Au cours du premier quart du XX e siècle, plus de 800 kilomètres de corde (chanvre et acier confondu) ont été consacrés à ce développement, ce qui a facilité le travail de la scène au cintre.

Palais Garnier
L’Opéra Garnier, ou Palais Garnier, est une vocation de théâtre national et de chorégraphie lyrique et un élément majeur du patrimoine du 9 ème arrondissement de Paris et de la capitale. Il est situé Place de l’Opéra, à l’extrémité nord de l’avenue de l’Opéra et au carrefour de nombreuses routes. Il est accessible en métro (station Opéra), par le RER (ligne A, station Auber) et en bus. Le bâtiment se distingue par un monument particulièrement représentatif de l’architecture éclectique et du style historiciste de la seconde moitié du xix e siècle. Sur une conception de l’architecte Charles Garnier retenu à l’issue d’un concours, sa construction, décidée par Napoléon III dans le cadre des transformations de Paris conduites par le préfet Haussmann et interrompues par la guerre de 1870, a été reprise au début de la Troisième République,

Conçu par l’architecte Charles Garnier en 1875, le Palais Garnier abrite un auditorium prestigieux et des espaces publics (grand hall, rotonde d’abonnés, salons), une bibliothèque-musée ainsi que plusieurs studios de répétition et ateliers.

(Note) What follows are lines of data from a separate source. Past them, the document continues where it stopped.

(* In NLML, define $fresh_{\tau;\alpha}(x) := \exists a{:}\alpha.\ a\wedge\lceil a\# x\rceil$. Then the following are valid in NLML: (F1') $(fresh(x)\ fresh(x))\cdot x = x$; (F2') $fresh_{\alpha;\alpha}(a{:}\alpha)=\neg a$; (F3') $fresh_{\alpha;\alpha'}(a{:}\alpha)=\top_{\alpha'}$ for name sorts $\alpha\neq\alpha'$; (F4') $\forall x{:}\tau.\exists a{:}\alpha.\ a\in fresh(x)$. Conversely, the nominal-logic freshness axioms (F1) $a\#x\wedge a'\#x\Rightarrow (a\ a')\cdot x=x$, (F2) $a\#a'\iff a\neq a'$, (F3) $\forall a{:}\alpha,a'{:}\alpha'.\ a\#a'$ ($\alpha\ne\alpha'$), and (F4) $\forall\vec x.\exists a.\ a\#\vec x$ are provable from (F1')–(F4').
   Context: Matching logic semantics: patterns denote sets; symbols (such as swapping $(-\ -)\cdot -$) applied to patterns are interpreted by pointwise extension to sets of arguments; $M_{Pred}=\{\star\}$; $\lceil\cdot\rceil$ coerces a $Pred$-pattern to another sort ($\{\star\}\mapsto$ whole carrier, $\emptyset\mapsto\emptyset$); $x\in\phi$ abbreviates $x\vee\phi=\phi$; $\neg$ is complement; $\top_{\alpha'}$ denotes the whole carrier of $\alpha'$. Sorts are closed under finite products, so $\tau$ may be a product sort. NLML is matching logic over a nominal-logic signature (name sorts, swapping $(a\ b)\cdot x$, abstraction $[a]x$, freshness predicate $a\#x$ with result sort $Pred$) with axiom set $Ax_{NLML}$: (S1) $(a\ a)\cdot x=x$; (S2) $(a\ a')\cdot(a\ a')\cdot x=x$; (S3) $(a\ a')\cdot a=a'$; (EV) $(a\ b)\cdot\sigma(\vec x)=\sigma((a\ b)\cdot\vec x)$ for every symbol $\sigma$; (P) $\forall x{:}Pred.\ x=\top_{Pred}$; (F1)–(F4) as in the claim; (A1) $[a]x=[a']x' \iff (a=a'\wedge x=x')\vee(a\#x'\wedge (a\ a')\cdot x=x')$; (A2) $\forall x{:}[\alpha]\tau.\exists a,y.\ x=[a]y$; and function axioms for constants and function symbols. *)

theory Defs
  imports Main
begin

(* Semantic (model-theoretic) rendering of NLML: matching logic over a
   nominal-logic signature.  Patterns denote sets of elements; symbols are
   interpreted as functions into sets, extended pointwise to sets of arguments. *)

datatype ('n,'d) nsort =
    NameS 'n
  | DataS 'd
  | PredS
  | AbsS 'n "('n,'d) nsort"
  | ProdS "('n,'d) nsort list"

(* A matching-logic model of the nominal signature.
   car s           : carrier of sort s
   sw alpha tau a b x : interpretation of swapping (a b).x, a b : alpha, x : tau
   fr alpha tau a x   : interpretation of freshness a # x (result sort Pred)
   ab alpha tau a x   : interpretation of abstraction [a]x (result sort [alpha]tau)
   sy f xs         : interpretation of the remaining signature symbols
                     (constants, function symbols, predicate symbols,
                      pairing/projection symbols of product sorts, ...) *)
record ('n,'d,'f,'m) nlml_model =
  car :: "('n,'d) nsort \<Rightarrow> 'm set"
  sw  :: "'n \<Rightarrow> ('n,'d) nsort \<Rightarrow> 'm \<Rightarrow> 'm \<Rightarrow> 'm \<Rightarrow> 'm set"
  fr  :: "'n \<Rightarrow> ('n,'d) nsort \<Rightarrow> 'm \<Rightarrow> 'm \<Rightarrow> 'm set"
  ab  :: "'n \<Rightarrow> ('n,'d) nsort \<Rightarrow> 'm \<Rightarrow> 'm \<Rightarrow> 'm set"
  sy  :: "'f \<Rightarrow> 'm list \<Rightarrow> 'm set"

definition swSet :: "('n,'d,'f,'m) nlml_model \<Rightarrow> 'n \<Rightarrow> ('n,'d) nsort \<Rightarrow> 'm set \<Rightarrow> 'm set \<Rightarrow> 'm set \<Rightarrow> 'm set" where
  "swSet M \<alpha> \<tau> A B X = (\<Union>a\<in>A. \<Union>b\<in>B. \<Union>x\<in>X. sw M \<alpha> \<tau> a b x)"

definition frSet :: "('n,'d,'f,'m) nlml_model \<Rightarrow> 'n \<Rightarrow> ('n,'d) nsort \<Rightarrow> 'm set \<Rightarrow> 'm set \<Rightarrow> 'm set" where
  "frSet M \<alpha> \<tau> A X = (\<Union>a\<in>A. \<Union>x\<in>X. fr M \<alpha> \<tau> a x)"

definition abSet :: "('n,'d,'f,'m) nlml_model \<Rightarrow> 'n \<Rightarrow> ('n,'d) nsort \<Rightarrow> 'm set \<Rightarrow> 'm set \<Rightarrow> 'm set" where
  "abSet M \<alpha> \<tau> A X = (\<Union>a\<in>A. \<Union>x\<in>X. ab M \<alpha> \<tau> a x)"

definition sySet :: "('n,'d,'f,'m) nlml_model \<Rightarrow> 'f \<Rightarrow> 'm set list \<Rightarrow> 'm set" where
  "sySet M f Xs = \<Union>{sy M f ys | ys. list_all2 (\<lambda>y Y. y \<in> Y) ys Xs}"

definition argsIn :: "('n,'d,'f,'m) nlml_model \<Rightarrow> ('n,'d) nsort list \<Rightarrow> 'm list \<Rightarrow> bool" where
  "argsIn M ss xs = list_all2 (\<lambda>x s. x \<in> car M s) xs ss"

definition ceil :: "('n,'d,'f,'m) nlml_model \<Rightarrow> ('n,'d) nsort \<Rightarrow> 'm set \<Rightarrow> 'm set" where
  "ceil M s P = (if P = {} then {} else car M s)"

Le théâtre “à l’italienne”, dont le plafond a été peint par Marc Chagall en 1964, peut accueillir 2054 spectateurs. Avec près de 480 000 visiteurs par an, c’est l’un des monuments les plus visités de Paris. Il est classé monument historique depuis 1923.

Cet opéra s’appelait “Opéra de Paris” jusqu’en 1989, date à laquelle l’ouverture de l’Opéra Bastille, également opéra de Paris, a influencé son nom. Il est désormais désigné par le seul nom de son architecte: “Opéra Garnier” ou “Palais Garnier”. Les deux opéras sont désormais regroupés au sein de l’établissement public à caractère industriel et commercial “Opéra national de Paris”, établissement public français dont la mission est de mettre en œuvre des représentations lyriques ou de ballet de grande qualité. artistique. L’opéra Garnier est classé monument historique depuis le 16 octobre 1923.